乳がん検診のお話に入る前に、大切なのではじめに検診の種類の話をします。対策型検診というのは、主に国や自治体が主導で行っているものです。それに対して、任意型検診というのは人間ドックや会社の健康診断のことです。

 

何が大きく違うかというと、目的が違います。乳がん検診に限らず、対策型検診は国とか自治体が主導して行うので、例えば日本だったら日本の国民の死亡率を下げることが目的になります。

 

対策型検診とは

乳がんの対策型検診はマンモグラフィなのですが、このように「その検査を行うことによって死亡率が下がる」ことが分かっている方法、明確なデータがあるものが選ばれています。基本的に公費を投入して行なっているものなので、最も費用対効果がいい方法・間隔が選択されているという側面もあります。

 

例えば、マンモグラフィだと、40歳以上の女性は2年に1回受けることが勧められています。それで死亡率が下がるということが分かっているのですが、最適な頻度を決めることは簡単ではないものの、少なくとも、2年に1度のマンモグラフィで死亡率が下がるということが分かっているのでこれが導入されています。これが対策型検診というもので、自治体にもよっては、定期的にクーポン券が送られてくるところもあります。

 

任意型検診とは

人間ドックや会社の検診を任意型検診といいますが、この検診の目的は、死亡率を下げるということではなくて、個人の健康に対するニーズを満たすことを目的にしています。

 

人によって健康に対するニーズは違うので、そのニーズに応えるところに重きを置いています。
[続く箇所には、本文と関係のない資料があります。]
(* Let $\kappa$ be an ordinal of uncountable cofinality and let $Z$, $Z_Y$ be as described in the context. Suppose given, for all $\beta < \alpha$ in $[2,\kappa)$, morphisms $u^\beta_\alpha: \beta \to \alpha$ of $Z_Y$ such that $u^\gamma_\alpha = u^\beta_\alpha u^\gamma_\beta$ for all $\gamma < \beta < \alpha$ in $[2,\kappa)$. Then there exists a pair $\beta < \alpha$ in $[2,\kappa)$ such that $u^\beta_\alpha$ passes through some vertex $\gamma$ with $\gamma < \beta$.
   Context: For an ordinal $\alpha \ge 2$ let $G_\alpha$ be the free group on the set $\alpha$; for $\gamma \le \alpha$ let $D^\gamma_\alpha: G_\gamma \to G_\alpha$ be the natural inclusion. Let $Z$ be the groupoid with object set $[2,\kappa)$ generated by: the elements of $G_\alpha$ as automorphisms of the object $\alpha$; and, for each pair $\alpha \neq \beta$ in $[2,\kappa)$, a morphism $y^\beta_\alpha: \beta \to \alpha$; subject to the relations of each group $G_\alpha$ and the relations $y^\beta_\alpha \, D^{\varepsilon}_\beta(a)\, y^\alpha_\beta = D^{\varepsilon}_\alpha(a)$ for all $a \in G_\varepsilon$, $\varepsilon = \min(\alpha,\beta)$ (so $y^\alpha_\beta = (y^\beta_\alpha)^{-1}$). $Z_Y$ is the subgroupoid of $Z$ generated by the edges $y^\beta_\alpha$; every morphism of $Z_Y$ can be uniquely written as a reduced word in the generators $y^\beta_\alpha$ (i.e. $Z_Y$ is the free groupoid on the edges, with $y^\alpha_\beta$ the inverse of $y^\beta_\alpha$). A morphism of $Z_Y$ passes through a vertex $\delta$ if its reduced word involves a generator with source or target $\delta$; the identity $\mathrm{id}_\delta$ passes through $\delta$ and no other vertex. *)

theory Defs
  imports Main "HOL-Library.Countable_Set"
begin
(* Let $\Omega$ be the closed unit ball in $\mathbb{R}^3$ and let $\boldsymbol{\eta}$ be a smooth divergence-free vector field on $\Omega$ with $\nabla\times\nabla\times\boldsymbol{\eta}=0$. Then: (i) the poloidal and toroidal scalars $P_{\boldsymbol{\eta}},T_{\boldsymbol{\eta}}$ of $\boldsymbol{\eta}$ can be chosen to be harmonic functions on $\Omega$; (ii) with this choice, the poloidal part of $\boldsymbol{\eta}$ is a gradient of a harmonic function, namely $$\nabla\times\nabla\times(\mathbf{r}P_{\boldsymbol{\eta}})=\nabla\big[\partial_r(rP_{\boldsymbol{\eta}})\big],$$ where $\partial_r(rP_{\boldsymbol{\eta}})$ is harmonic on $\Omega$.
   Context: Use spherical coordinates $(r,\lambda,\theta)$ on $\Omega$, and write $\mathbf{r}=r\hat{\mathbf{r}}$ for the position vector. Every smooth divergence-free vector field $\mathbf{w}$ on $\Omega$ admits a poloidal–toroidal decomposition $$\mathbf{w}=\nabla\times\nabla\times(\mathbf{r}P_{\mathbf{w}})+\nabla\times(\mathbf{r}T_{\mathbf{w}}),$$ with smooth scalar functions $P_{\mathbf{w}}$ (the poloidal scalar) and $T_{\mathbf{w}}$ (the toroidal scalar). These scalars are unique up to the addition of arbitrary functions of $r$ alone. *)

theory Defs
  imports "HOL-Analysis.Analysis"
begin

text \<open>Points of R^3 are elements of real^3, the position vector at x is x itself.
  Omega is the closed unit ball cball 0 1.\<close>

definition partial :: "3 \<Rightarrow> (real^3 \<Rightarrow> 'b::real_normed_vector) \<Rightarrow> real^3 \<Rightarrow> 'b" where
  "partial i f x = frechet_derivative f (at x) (axis i 1)"

fun iter_partial :: "3 list \<Rightarrow> (real^3 \<Rightarrow> 'b::real_normed_vector) \<Rightarrow> real^3 \<Rightarrow> 'b" where
  "iter_partial [] f = f"
| "iter_partial (i # is) f = partial i (iter_partial is f)"

definition smooth_on :: "(real^3) set \<Rightarrow> (real^3 \<Rightarrow> 'b::real_normed_vector) \<Rightarrow> bool" where
  "smooth_on U f \<longleftrightarrow> (\<forall>is. iter_partial is f differentiable_on U)"

definition smooth_on_Omega :: "(real^3 \<Rightarrow> 'b::real_normed_vector) \<Rightarrow> bool" where
  "smooth_on_Omega f \<longleftrightarrow> (\<exists>U. open U \<and> cball 0 1 \<subseteq> U \<and> smooth_on U f)"

definition grad :: "(real^3 \<Rightarrow> real) \<Rightarrow> real^3 \<Rightarrow> real^3" where
  "grad f x = (\<chi> i. partial i f x)"
theorem hermitian_spectral_decomposition:
  fixes H :: "complex mat"
  assumes "H \<in> carrier_mat n n" "mat_adjoint H = H"
  shows "\<exists>U d. unitary U n \<and> H * U = U * real_diag_mat n d"
  using assms
proof (induction n arbitrary: H)
  case 0
  then show ?case
    by (intro exI[of _ "1\<^sub>m 0"] exI[of _ "\<lambda>_. 0"]) (auto simp: unitary_def mat_diag_def intro!: eq_matI)
next
  case (Suc m)
  have H: "H \<in> carrier_mat (Suc m) (Suc m)" and herm: "mat_adjoint H = H" by fact+
  obtain e where "eigenvalue H e"
    using spectrum_non_empty[OF H] unfolding spectrum_def by auto
  then obtain v where "eigenvector H v e" unfolding eigenvalue_def by blast
  then have v: "v \<in> carrier_vec (Suc m)" "v \<noteq> 0\<^sub>v (Suc m)" "H *\<^sub>v v = e \<cdot>\<^sub>v v"
    unfolding eigenvector_def using H by auto
  obtain U c where U: "unitary U (Suc m)" and U0: "col U 0 = c \<cdot>\<^sub>v v"
    using exists_unitary_first_col[OF v(1,2)] by blast
  have Uc: "U \<in> carrier_mat (Suc m) (Suc m)" using U by (rule unitary_carrier)
  have HU0: "H *\<^sub>v col U 0 = e \<cdot>\<^sub>v col U 0"
    unfolding U0 using H v by (simp add: mult_mat_vec smult_smult_assoc mult.commute)
  define B where "B = mat_adjoint U * (H * U)"
  note B = unitary_deflation[OF H herm U HU0 zero_less_Suc, folded B_def]
  note B_first = hermitian_first_col[OF B(1,2) B(4)]
  obtain V d where V: "unitary V m"
    and "mat m m (\<lambda>(i, j). B $$ (Suc i, Suc j)) * V = V * real_diag_mat m d"
    using Suc.IH[OF _ B_first(3)] by auto
  then obtain W d' where W: "unitary W (Suc m)" and BW: "B * W = W * real_diag_mat (Suc m) d'"
    using bordered_diagonalization[OF B(1) B_first(1,2)] by blast
  have Wc: "W \<in> carrier_mat (Suc m) (Suc m)" using W by (rule unitary_carrier)
  have "H * (U * W) = (H * U) * W"
    by (rule assoc_mult_mat[symmetric]) (use H Uc Wc in auto)
  also have "\<dots> = U * (B * W)"
    unfolding B(3) by (rule assoc_mult_mat) (use Uc B(1) Wc in auto)
  also have "\<dots> = (U * W) * real_diag_mat (Suc m) d'"
    unfolding BW by (rule assoc_mult_mat[OF Uc Wc mat_diag_dim, symmetric])
  finally show ?case using unitary_mult[OF U W] by blast
qed

lemma unitary_adjoint_mult_vec:
  assumes "unitary U n" "x \<in> carrier_vec n"
  shows "U *\<^sub>v (mat_adjoint U *\<^sub>v x) = x"
proof -
  have U: "U \<in> carrier_mat n n" using assms(1) by (rule unitary_carrier)
  have "U *\<^sub>v (mat_adjoint U *\<^sub>v x) = (U * mat_adjoint U) *\<^sub>v x"
    by (rule assoc_mult_mat_vec[symmetric]) (use U assms(2) in auto)
  then show ?thesis using assms unfolding unitary_def by simp
qed

lemma mat_adjoint_mult_vec_index:
  fixes U :: "complex mat"
  assumes "U \<in> carrier_mat n n" "x \<in> carrier_vec n" "i < n"
  shows "(mat_adjoint U *\<^sub>v x) $ i = x \<bullet>c col U i"
  using assms by (auto simp: scalar_prod_def mult.commute intro!: sum.cong)

lemma mat_diag_mult_vec_index:
  assumes "v \<in> carrier_vec n" "i < n"
  shows "(mat_diag n f *\<^sub>v v) $ i = f i * v $ i"
proof -
  have "(mat_diag n f *\<^sub>v v) $ i = (\<Sum>k = 0..<n. (if i = k then f k else 0) * v $ k)"
    using assms by (simp add: mat_diag_def scalar_prod_def)
  also have "\<dots> = (\<Sum>k = 0..<n. if k = i then f i * v $ k else 0)"
    by (rule sum.cong) auto
  finally show ?thesis using assms by simp
qed

lemma spectral_decomposition:
  assumes "unitary U n" "H \<in> carrier_mat n n" "H * U = U * real_diag_mat n d"
  shows "H = U * real_diag_mat n d * mat_adjoint U"
proof -
  have U: "U \<in> carrier_mat n n" using assms(1) by (rule unitary_carrier)
  have "H = H * (U * mat_adjoint U)" using assms unfolding unitary_def by simp
  also have "\<dots> = (H * U) * mat_adjoint U"
    by (rule assoc_mult_mat[symmetric]) (use U assms(2) in auto)
  finally show ?thesis using assms by simp
qed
検診機関や人間ドッグは営利企業のようなものなので、需要と供給のバランスによって検査の内容が変わることがあります。よく売れる人気があるもの、魅力的にみえる検査を提供しがちになるという側面がどうしてもあります。しかし、任意型検診として提供されている検査は、対策型検診で選ばれている方法がベースになっていることが多いです。

 

そのため乳がんの任意型検診はマンモグラフィが基本になっていることが多く、そこにオプションが提供されていることがあります。オプションは必ずしも信頼できるデータによる裏付けがあるわけではないのですが、そうした検査がたくさん提供されているのが実情です。よく勘違いされがちなのですが、検査は、何でもたくさん受けたらより良いというわけではありません。信頼できる方法で評価することが大切です。

 

これはすごく大事なことで、必要のない検査を受けると不利益を被るっていうことがあるということを、ぜひ心に留めておいてください。